R: Não há como dar um número fechado… Já tivemos 42 mil servidores e hoje temos 18 mil. Chamamos mil concursado para reforçar a força de trabalho do INSS e contamos com a sensibilidade do governo em chamar o cadastro de reserva (2.144). A automação também tem sido grande aliada na análise de requerimentos respondendo por 35% dos processos.

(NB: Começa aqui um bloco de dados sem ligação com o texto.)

lemma prob_split_last_success:
  assumes [measurable]: "E \<in> sets M"
  shows "prob E = (\<Sum>s\<in>{1..t}. prob (E \<inter> last_success t s))
    + prob (E \<inter> {\<omega> \<in> space M. \<forall>j\<in>{1..t}. h j \<omega> \<noteq> 1})"
proof -
  let ?N = "{\<omega> \<in> space M. \<forall>j\<in>{1..t}. h j \<omega> \<noteq> 1}"
  have "E \<subseteq> (\<Union>s\<in>{1..t}. last_success t s) \<union> ?N"
  proof
    fix \<omega> assume "\<omega> \<in> E"
    show "\<omega> \<in> (\<Union>s\<in>{1..t}. last_success t s) \<union> ?N"
    proof (cases "\<omega> \<in> ?N")
      case False
      let ?S = "{j \<in> {1..t}. h j \<omega> = 1}"
      have "\<omega> \<in> space M"
        using \<open>\<omega> \<in> E\<close> sets.sets_into_space[OF assms] by blast
      with False have "?S \<noteq> {}"
        by auto
      then have "Max ?S \<in> ?S"
        by (intro Max_in) auto
      moreover have "\<forall>j\<in>{Max ?S<..t}. h j \<omega> \<noteq> 1"
      proof (intro ballI notI)
        fix j assume "j \<in> {Max ?S<..t}" "h j \<omega> = 1"
        with \<open>Max ?S \<in> ?S\<close> have "j \<in> ?S"
          by auto
        then have "j \<le> Max ?S"
          by (intro Max_ge) auto
        with \<open>j \<in> {Max ?S<..t}\<close> show False
          by simp
      qed
      ultimately have "Max ?S \<in> {1..t}" "\<omega> \<in> last_success t (Max ?S)"
        using \<open>\<omega> \<in> space M\<close> unfolding last_success_def by blast+
      then show ?thesis
        by blast
    qed simp
  qed
  then have "prob E = prob ((\<Union>s\<in>{1..t}. E \<inter> last_success t s) \<union> (E \<inter> ?N))"
    by (intro arg_cong[where f = prob]) blast
  also have "\<dots> = prob (\<Union>s\<in>{1..t}. E \<inter> last_success t s) + prob (E \<inter> ?N)"
    by (intro finite_measure_Union) (auto simp: last_success_def)
  also have "prob (\<Union>s\<in>{1..t}. E \<inter> last_success t s) = (\<Sum>s\<in>{1..t}. prob (E \<inter> last_success t s))"
  proof (intro measure_finite_Union)
    show "disjoint_family_on (\<lambda>s. E \<inter> last_success t s) {1..t}"
      by (auto simp: disjoint_family_on_def last_success_def)
  qed auto
  finally show ?thesis .
qed
definition satisfiesE :: "'c set \<Rightarrow> ('c \<Rightarrow> 'c \<Rightarrow> 'c) \<Rightarrow> var3 word \<Rightarrow> bool" where
  "satisfiesE C op f \<longleftrightarrow> (\<forall>a\<in>C. \<forall>b\<in>C. op a b \<in> C) \<and>
     (\<forall>env. range env \<subseteq> C \<longrightarrow> env Vx = op (env Vx) (eval op env f))"

text \<open>Magmas are taken with carriers inside the type ('v word set), which is
  large enough to contain a copy of the relatively free magma on 'v, so
  this coincides with holding in all magmas satisfying E.\<close>
definition equivE :: "var3 word \<Rightarrow> 'v word \<Rightarrow> 'v word \<Rightarrow> bool" where
  "equivE f u u' \<longleftrightarrow>
     (\<forall>(C :: 'v word set set) op. satisfiesE C op f \<longrightarrow>
        (\<forall>env. range env \<subseteq> C \<longrightarrow> eval op env u = eval op env u'))"

definition arrowE :: "var3 word \<Rightarrow> 'v word \<Rightarrow> 'v word \<Rightarrow> bool" where
  "arrowE f u' u \<longleftrightarrow> (\<exists>u''. equivE f u (Op u'' u'))"

definition irreducibleE :: "var3 word \<Rightarrow> 'v word \<Rightarrow> bool" where
  "irreducibleE f w \<longleftrightarrow> \<not> (\<exists>w1 w2. w = Op w1 w2 \<and> arrowE f w2 w1)"

definition iter_prod :: "'v word \<Rightarrow> 'v word list \<Rightarrow> 'v word" where
  "iter_prod w0 vs = foldl Op w0 vs"

definition admissible :: "var3 word \<Rightarrow> 'v word \<Rightarrow> 'v word list \<Rightarrow> bool" where
  "admissible f w0 vs \<longleftrightarrow>
     (\<forall>i < length vs. \<exists>x y z. equivE f (vs ! i) (subst3 f x y z) \<and>
                               equivE f x (iter_prod w0 (take i vs)))"

end

theory Submission
  imports Defs
begin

– No início de julho, o bônus de produtividade a servidores do INSS voltou, com um orçamento de R$ 129 milhões. No entanto, uma auditoria da Controladoria-Geral da União analisou que a medida, entre 2019 e 2022, não resultou na eficácia esperada e ainda reduziu a qualidade de análise dos processos. Ainda que se trate da gestão anterior, a CGU recomendou que, em caso de renovação da iniciativa, o INSS deveria adotar critérios para análise dos processos e de avaliação da qualidade, com vistas à redução de custos. O que o INSS está fazendo para evitar que os problemas se repitam?

R: Não se pode comparar o programa atual com o que foi implementado no governo anterior, eles são distintos. Antes de fechar a versão preliminar do relatório- a CGU apresentou os resultados ao Ministério da Previdência Social, o que contribuiu na construção do novo programa de produtividade e na delimitação de mecanismos de acompanhamento e de controle mais robustos. Como por exemplo: foram estabelecidos critérios claros em relação aos processos de trabalho que serão incluídos nas análises. Os servidores estão limitados a 15 análises no contraturno, o que pode resultar acréscimo de até R$ 10.064 por mês. Existe um limite tanto de trabalho por pessoa quanto de bonificação. Colocamos esse limite exatamente para proteger o servidor porque é natural que pessoas com alguma necessidade financeira acabem vendo no programa a saída do problema e trabalhem muitas horas.